» ABOUT THIS TASK:
Copy out exactly the lines below that run from the one holding "E xs \<longleftrightarrow>" to the one holding "E v \<longleftrightarrow>", keeping both of those lines and no others.

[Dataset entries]
::::::::
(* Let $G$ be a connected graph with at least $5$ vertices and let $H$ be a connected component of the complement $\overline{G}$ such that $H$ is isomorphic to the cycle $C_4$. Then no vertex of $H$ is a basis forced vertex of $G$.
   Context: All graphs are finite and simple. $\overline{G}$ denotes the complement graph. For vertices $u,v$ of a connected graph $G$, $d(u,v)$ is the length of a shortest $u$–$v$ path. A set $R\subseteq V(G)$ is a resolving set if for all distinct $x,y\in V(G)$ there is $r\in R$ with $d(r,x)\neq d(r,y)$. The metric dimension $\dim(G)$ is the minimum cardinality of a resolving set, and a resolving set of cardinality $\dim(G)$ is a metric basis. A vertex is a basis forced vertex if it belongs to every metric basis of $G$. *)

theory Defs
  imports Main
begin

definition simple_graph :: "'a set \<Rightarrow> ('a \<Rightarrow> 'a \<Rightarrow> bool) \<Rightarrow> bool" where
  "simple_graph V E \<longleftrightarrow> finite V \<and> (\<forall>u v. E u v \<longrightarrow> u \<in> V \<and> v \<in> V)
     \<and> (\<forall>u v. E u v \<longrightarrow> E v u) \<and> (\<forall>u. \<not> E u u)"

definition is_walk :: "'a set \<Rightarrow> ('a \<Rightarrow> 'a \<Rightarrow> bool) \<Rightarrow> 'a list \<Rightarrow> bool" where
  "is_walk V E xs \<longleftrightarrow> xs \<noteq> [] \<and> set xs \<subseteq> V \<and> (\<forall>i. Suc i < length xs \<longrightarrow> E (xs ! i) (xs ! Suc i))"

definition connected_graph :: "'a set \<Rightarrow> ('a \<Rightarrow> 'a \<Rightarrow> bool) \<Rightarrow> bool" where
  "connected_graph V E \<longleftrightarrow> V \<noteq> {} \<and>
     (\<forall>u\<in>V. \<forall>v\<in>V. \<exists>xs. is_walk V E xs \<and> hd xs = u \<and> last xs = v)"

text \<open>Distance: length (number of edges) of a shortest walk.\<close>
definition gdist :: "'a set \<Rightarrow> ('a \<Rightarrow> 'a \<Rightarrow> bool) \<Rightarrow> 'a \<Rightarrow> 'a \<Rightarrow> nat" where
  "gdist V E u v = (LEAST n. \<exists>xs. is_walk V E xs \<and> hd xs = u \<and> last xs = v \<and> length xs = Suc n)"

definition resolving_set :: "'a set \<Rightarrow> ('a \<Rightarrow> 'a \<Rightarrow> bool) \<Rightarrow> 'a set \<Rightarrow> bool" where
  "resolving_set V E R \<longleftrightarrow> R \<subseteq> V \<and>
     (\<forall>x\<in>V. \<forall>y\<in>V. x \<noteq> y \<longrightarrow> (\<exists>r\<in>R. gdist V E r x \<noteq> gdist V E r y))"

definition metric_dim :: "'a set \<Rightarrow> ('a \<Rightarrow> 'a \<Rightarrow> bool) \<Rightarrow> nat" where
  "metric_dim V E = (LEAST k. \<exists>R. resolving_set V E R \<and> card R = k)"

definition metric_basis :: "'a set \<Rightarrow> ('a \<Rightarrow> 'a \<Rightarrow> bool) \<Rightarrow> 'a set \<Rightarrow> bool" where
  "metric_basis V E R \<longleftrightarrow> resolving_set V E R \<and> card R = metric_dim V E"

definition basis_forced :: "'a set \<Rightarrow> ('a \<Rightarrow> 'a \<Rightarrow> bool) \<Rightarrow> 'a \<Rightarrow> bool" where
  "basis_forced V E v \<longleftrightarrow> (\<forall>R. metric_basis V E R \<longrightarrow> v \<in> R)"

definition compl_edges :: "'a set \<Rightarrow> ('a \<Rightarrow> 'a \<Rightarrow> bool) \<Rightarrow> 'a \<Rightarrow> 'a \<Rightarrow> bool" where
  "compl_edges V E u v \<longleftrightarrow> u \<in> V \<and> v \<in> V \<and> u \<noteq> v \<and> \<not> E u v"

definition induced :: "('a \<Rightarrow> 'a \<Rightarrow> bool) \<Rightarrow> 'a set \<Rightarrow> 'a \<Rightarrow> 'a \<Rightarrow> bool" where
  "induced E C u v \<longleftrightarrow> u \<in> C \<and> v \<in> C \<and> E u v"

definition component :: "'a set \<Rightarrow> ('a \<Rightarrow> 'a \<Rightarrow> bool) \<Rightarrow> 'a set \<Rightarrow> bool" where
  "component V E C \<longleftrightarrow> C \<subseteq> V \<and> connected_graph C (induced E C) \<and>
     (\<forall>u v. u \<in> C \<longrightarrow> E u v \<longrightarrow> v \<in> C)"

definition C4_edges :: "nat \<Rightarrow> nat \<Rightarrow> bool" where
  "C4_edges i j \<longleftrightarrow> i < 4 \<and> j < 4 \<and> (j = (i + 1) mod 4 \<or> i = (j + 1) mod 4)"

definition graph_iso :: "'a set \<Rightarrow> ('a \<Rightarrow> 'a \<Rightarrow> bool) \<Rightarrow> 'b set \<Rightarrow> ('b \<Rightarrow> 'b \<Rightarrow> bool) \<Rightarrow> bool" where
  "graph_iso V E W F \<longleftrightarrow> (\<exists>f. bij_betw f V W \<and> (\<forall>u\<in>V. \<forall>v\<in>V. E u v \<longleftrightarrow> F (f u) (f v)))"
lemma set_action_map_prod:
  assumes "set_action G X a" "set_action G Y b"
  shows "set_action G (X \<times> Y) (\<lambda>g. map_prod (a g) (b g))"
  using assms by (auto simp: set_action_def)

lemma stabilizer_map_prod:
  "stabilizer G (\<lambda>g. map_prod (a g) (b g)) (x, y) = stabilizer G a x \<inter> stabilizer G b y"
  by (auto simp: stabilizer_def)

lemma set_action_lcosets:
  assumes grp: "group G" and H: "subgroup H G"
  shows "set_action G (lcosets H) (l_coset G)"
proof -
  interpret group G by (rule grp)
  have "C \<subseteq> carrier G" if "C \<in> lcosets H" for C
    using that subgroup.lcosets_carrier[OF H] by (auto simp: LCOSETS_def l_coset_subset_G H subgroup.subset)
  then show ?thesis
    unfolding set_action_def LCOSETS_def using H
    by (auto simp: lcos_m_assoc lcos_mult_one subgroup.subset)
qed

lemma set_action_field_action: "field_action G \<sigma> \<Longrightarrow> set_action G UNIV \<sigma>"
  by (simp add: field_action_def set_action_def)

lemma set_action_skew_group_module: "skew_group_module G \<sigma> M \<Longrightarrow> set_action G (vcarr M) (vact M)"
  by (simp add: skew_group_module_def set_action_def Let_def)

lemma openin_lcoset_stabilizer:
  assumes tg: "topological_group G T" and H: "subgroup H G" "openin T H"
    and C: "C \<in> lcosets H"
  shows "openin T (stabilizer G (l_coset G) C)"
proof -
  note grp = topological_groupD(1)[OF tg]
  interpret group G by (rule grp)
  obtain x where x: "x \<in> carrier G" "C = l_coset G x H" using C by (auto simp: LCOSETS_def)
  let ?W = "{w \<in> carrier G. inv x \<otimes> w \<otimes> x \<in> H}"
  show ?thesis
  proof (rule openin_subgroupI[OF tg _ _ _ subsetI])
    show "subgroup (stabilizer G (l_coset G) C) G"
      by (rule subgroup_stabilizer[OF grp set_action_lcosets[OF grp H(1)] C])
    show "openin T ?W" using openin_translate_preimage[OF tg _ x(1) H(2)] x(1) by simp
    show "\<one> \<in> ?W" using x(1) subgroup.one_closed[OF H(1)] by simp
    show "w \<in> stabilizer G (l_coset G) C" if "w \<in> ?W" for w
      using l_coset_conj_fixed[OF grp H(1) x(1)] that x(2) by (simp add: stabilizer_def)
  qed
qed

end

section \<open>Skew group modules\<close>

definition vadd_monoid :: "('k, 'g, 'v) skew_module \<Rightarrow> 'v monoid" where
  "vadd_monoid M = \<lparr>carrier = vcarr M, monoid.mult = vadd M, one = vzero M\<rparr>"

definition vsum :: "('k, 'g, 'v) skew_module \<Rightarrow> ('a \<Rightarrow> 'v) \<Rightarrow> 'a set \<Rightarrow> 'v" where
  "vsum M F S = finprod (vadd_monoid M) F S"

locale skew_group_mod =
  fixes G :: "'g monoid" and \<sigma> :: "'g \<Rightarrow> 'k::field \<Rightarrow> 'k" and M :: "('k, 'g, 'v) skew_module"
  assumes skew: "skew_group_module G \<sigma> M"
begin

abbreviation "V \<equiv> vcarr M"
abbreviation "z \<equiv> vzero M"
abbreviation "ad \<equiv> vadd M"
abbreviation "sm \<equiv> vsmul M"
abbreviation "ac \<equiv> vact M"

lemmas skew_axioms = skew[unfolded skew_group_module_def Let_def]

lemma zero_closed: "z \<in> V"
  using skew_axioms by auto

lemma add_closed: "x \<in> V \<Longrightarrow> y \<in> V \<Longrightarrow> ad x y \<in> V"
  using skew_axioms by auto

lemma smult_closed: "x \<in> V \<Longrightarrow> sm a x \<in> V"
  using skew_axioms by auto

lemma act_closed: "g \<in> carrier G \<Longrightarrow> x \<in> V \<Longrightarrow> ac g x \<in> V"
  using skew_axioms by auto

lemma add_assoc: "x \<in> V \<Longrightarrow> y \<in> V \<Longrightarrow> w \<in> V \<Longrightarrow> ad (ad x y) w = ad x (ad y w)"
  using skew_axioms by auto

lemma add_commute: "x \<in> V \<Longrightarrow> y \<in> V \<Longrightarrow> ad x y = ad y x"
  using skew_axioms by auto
::::::::
» RESULT:
  "is_walk V E xs \<longleftrightarrow> xs \<noteq> [] \<and> set xs \<subseteq> V \<and> (\<forall>i. Suc i < length xs \<longrightarrow> E (xs ! i) (xs ! Suc i))"

definition connected_graph :: "'a set \<Rightarrow> ('a \<Rightarrow> 'a \<Rightarrow> bool) \<Rightarrow> bool" where
  "connected_graph V E \<longleftrightarrow> V \<noteq> {} \<and>
     (\<forall>u\<in>V. \<forall>v\<in>V. \<exists>xs. is_walk V E xs \<and> hd xs = u \<and> last xs = v)"

text \<open>Distance: length (number of edges) of a shortest walk.\<close>
definition gdist :: "'a set \<Rightarrow> ('a \<Rightarrow> 'a \<Rightarrow> bool) \<Rightarrow> 'a \<Rightarrow> 'a \<Rightarrow> nat" where
  "gdist V E u v = (LEAST n. \<exists>xs. is_walk V E xs \<and> hd xs = u \<and> last xs = v \<and> length xs = Suc n)"

definition resolving_set :: "'a set \<Rightarrow> ('a \<Rightarrow> 'a \<Rightarrow> bool) \<Rightarrow> 'a set \<Rightarrow> bool" where
  "resolving_set V E R \<longleftrightarrow> R \<subseteq> V \<and>
     (\<forall>x\<in>V. \<forall>y\<in>V. x \<noteq> y \<longrightarrow> (\<exists>r\<in>R. gdist V E r x \<noteq> gdist V E r y))"

definition metric_dim :: "'a set \<Rightarrow> ('a \<Rightarrow> 'a \<Rightarrow> bool) \<Rightarrow> nat" where
  "metric_dim V E = (LEAST k. \<exists>R. resolving_set V E R \<and> card R = k)"

definition metric_basis :: "'a set \<Rightarrow> ('a \<Rightarrow> 'a \<Rightarrow> bool) \<Rightarrow> 'a set \<Rightarrow> bool" where
  "metric_basis V E R \<longleftrightarrow> resolving_set V E R \<and> card R = metric_dim V E"

definition basis_forced :: "'a set \<Rightarrow> ('a \<Rightarrow> 'a \<Rightarrow> bool) \<Rightarrow> 'a \<Rightarrow> bool" where
  "basis_forced V E v \<longleftrightarrow> (\<forall>R. metric_basis V E R \<longrightarrow> v \<in> R)"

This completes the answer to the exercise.